## [Requirement]
Within the entries below, find the portion that opens with the line containing "unfolding e_def by" and closes with the line containing "using \<open>a \<noteq>". Retype that portion exactly and only.

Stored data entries
-.-.-
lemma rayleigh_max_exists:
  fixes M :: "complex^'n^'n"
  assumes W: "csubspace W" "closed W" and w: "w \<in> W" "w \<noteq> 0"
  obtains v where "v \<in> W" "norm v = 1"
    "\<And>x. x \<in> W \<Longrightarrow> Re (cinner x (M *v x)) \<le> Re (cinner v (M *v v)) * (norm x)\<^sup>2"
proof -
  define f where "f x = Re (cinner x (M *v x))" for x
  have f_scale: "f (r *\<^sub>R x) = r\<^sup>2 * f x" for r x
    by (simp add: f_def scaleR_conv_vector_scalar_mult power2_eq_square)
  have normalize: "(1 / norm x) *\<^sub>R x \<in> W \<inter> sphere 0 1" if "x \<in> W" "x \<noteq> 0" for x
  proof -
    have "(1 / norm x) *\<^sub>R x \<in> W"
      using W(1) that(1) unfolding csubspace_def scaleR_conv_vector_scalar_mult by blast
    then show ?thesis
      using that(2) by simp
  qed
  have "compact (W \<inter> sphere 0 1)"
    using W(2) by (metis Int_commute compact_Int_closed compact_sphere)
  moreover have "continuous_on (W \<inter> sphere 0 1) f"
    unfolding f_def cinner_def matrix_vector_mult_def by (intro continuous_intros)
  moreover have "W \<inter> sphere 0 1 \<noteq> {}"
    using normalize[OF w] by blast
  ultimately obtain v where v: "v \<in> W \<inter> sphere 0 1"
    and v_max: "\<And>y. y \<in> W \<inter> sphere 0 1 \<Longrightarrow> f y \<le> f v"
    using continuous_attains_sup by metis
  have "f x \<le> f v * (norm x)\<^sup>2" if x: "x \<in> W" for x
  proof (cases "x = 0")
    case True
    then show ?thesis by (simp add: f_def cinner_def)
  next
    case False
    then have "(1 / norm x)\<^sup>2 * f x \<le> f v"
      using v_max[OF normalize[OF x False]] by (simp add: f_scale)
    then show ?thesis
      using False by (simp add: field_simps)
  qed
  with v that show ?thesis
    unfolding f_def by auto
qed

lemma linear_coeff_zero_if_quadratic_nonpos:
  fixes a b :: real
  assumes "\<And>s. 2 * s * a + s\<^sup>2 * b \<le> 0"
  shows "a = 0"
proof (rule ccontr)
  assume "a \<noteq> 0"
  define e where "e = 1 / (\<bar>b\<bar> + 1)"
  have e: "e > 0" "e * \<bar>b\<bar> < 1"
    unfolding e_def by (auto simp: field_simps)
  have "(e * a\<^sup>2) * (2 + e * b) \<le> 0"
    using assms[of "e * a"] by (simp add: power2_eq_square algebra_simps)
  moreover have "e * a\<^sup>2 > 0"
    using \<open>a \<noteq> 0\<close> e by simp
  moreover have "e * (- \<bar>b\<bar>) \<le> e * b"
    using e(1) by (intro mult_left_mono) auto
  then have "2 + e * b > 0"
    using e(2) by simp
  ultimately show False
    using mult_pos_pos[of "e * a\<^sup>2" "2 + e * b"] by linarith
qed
-.-.-
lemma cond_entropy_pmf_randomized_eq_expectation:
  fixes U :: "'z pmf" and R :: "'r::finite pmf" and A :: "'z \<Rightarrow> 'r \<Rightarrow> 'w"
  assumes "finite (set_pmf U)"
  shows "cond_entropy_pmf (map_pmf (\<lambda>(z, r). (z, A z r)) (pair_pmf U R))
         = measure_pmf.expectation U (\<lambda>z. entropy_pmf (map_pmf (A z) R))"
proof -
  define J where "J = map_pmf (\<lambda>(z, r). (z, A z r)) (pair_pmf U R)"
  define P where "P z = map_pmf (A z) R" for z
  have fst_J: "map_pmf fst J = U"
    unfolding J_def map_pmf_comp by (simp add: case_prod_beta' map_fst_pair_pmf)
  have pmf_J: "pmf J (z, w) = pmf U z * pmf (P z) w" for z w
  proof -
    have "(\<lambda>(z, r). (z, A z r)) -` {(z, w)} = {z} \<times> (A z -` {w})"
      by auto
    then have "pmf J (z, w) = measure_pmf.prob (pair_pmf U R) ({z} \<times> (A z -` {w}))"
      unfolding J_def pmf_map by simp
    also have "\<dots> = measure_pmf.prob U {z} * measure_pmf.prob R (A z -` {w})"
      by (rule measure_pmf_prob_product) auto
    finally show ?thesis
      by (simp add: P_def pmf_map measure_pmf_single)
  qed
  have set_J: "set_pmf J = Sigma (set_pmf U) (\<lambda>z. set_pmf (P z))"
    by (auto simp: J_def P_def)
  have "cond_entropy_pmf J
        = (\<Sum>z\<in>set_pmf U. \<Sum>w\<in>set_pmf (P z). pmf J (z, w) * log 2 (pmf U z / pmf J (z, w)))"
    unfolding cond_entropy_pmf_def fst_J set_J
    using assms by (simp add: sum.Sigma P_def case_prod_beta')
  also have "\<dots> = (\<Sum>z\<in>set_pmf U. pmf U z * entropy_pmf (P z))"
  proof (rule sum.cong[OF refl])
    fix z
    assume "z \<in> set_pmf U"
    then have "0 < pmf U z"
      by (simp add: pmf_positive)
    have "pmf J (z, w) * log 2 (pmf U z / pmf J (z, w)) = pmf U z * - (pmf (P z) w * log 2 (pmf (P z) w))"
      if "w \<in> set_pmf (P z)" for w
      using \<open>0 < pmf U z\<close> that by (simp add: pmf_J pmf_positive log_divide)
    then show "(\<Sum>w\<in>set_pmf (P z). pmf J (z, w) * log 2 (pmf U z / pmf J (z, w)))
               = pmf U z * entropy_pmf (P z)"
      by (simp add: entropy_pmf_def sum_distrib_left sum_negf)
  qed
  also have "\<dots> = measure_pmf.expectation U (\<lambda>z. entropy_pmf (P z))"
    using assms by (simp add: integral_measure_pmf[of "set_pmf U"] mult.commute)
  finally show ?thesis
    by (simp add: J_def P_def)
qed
-.-.-
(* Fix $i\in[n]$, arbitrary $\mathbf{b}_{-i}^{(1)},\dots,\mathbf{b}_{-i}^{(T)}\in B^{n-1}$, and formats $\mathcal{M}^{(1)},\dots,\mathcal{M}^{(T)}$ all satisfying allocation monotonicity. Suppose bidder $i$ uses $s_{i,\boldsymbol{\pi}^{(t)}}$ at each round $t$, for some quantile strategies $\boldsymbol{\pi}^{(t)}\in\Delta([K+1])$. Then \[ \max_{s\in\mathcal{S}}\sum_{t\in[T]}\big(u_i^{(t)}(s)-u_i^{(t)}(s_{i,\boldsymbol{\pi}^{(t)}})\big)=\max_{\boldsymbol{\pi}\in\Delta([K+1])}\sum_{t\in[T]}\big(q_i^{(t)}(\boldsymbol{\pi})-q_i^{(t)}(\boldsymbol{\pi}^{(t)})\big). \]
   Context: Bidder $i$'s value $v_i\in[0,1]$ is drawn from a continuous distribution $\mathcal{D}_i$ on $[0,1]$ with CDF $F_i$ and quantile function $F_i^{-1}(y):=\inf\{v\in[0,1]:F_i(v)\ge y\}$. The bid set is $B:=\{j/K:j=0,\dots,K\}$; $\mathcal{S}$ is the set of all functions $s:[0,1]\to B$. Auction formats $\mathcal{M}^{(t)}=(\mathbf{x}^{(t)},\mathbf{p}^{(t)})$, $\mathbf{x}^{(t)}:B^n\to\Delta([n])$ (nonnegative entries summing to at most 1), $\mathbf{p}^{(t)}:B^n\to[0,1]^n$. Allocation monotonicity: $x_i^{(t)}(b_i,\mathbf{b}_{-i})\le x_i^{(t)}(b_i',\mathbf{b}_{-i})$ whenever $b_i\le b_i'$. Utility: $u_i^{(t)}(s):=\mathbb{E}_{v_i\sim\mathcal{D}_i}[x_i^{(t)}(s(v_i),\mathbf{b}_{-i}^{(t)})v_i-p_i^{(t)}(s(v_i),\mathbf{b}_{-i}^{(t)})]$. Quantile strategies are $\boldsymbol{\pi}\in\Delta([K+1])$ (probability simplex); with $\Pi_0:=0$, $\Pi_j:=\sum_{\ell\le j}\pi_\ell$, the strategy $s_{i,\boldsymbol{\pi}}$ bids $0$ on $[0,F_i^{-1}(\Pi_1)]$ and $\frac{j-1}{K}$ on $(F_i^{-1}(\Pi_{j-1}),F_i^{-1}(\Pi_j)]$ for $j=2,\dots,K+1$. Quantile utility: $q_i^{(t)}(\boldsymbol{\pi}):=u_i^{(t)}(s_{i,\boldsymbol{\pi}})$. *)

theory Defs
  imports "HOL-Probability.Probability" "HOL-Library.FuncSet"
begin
-.-.-
## [Exercise output]
    unfolding e_def by (auto simp: field_simps)
  have "(e * a\<^sup>2) * (2 + e * b) \<le> 0"
    using assms[of "e * a"] by (simp add: power2_eq_square algebra_simps)
  moreover have "e * a\<^sup>2 > 0"
    using \<open>a \<noteq> 0\<close> e by simp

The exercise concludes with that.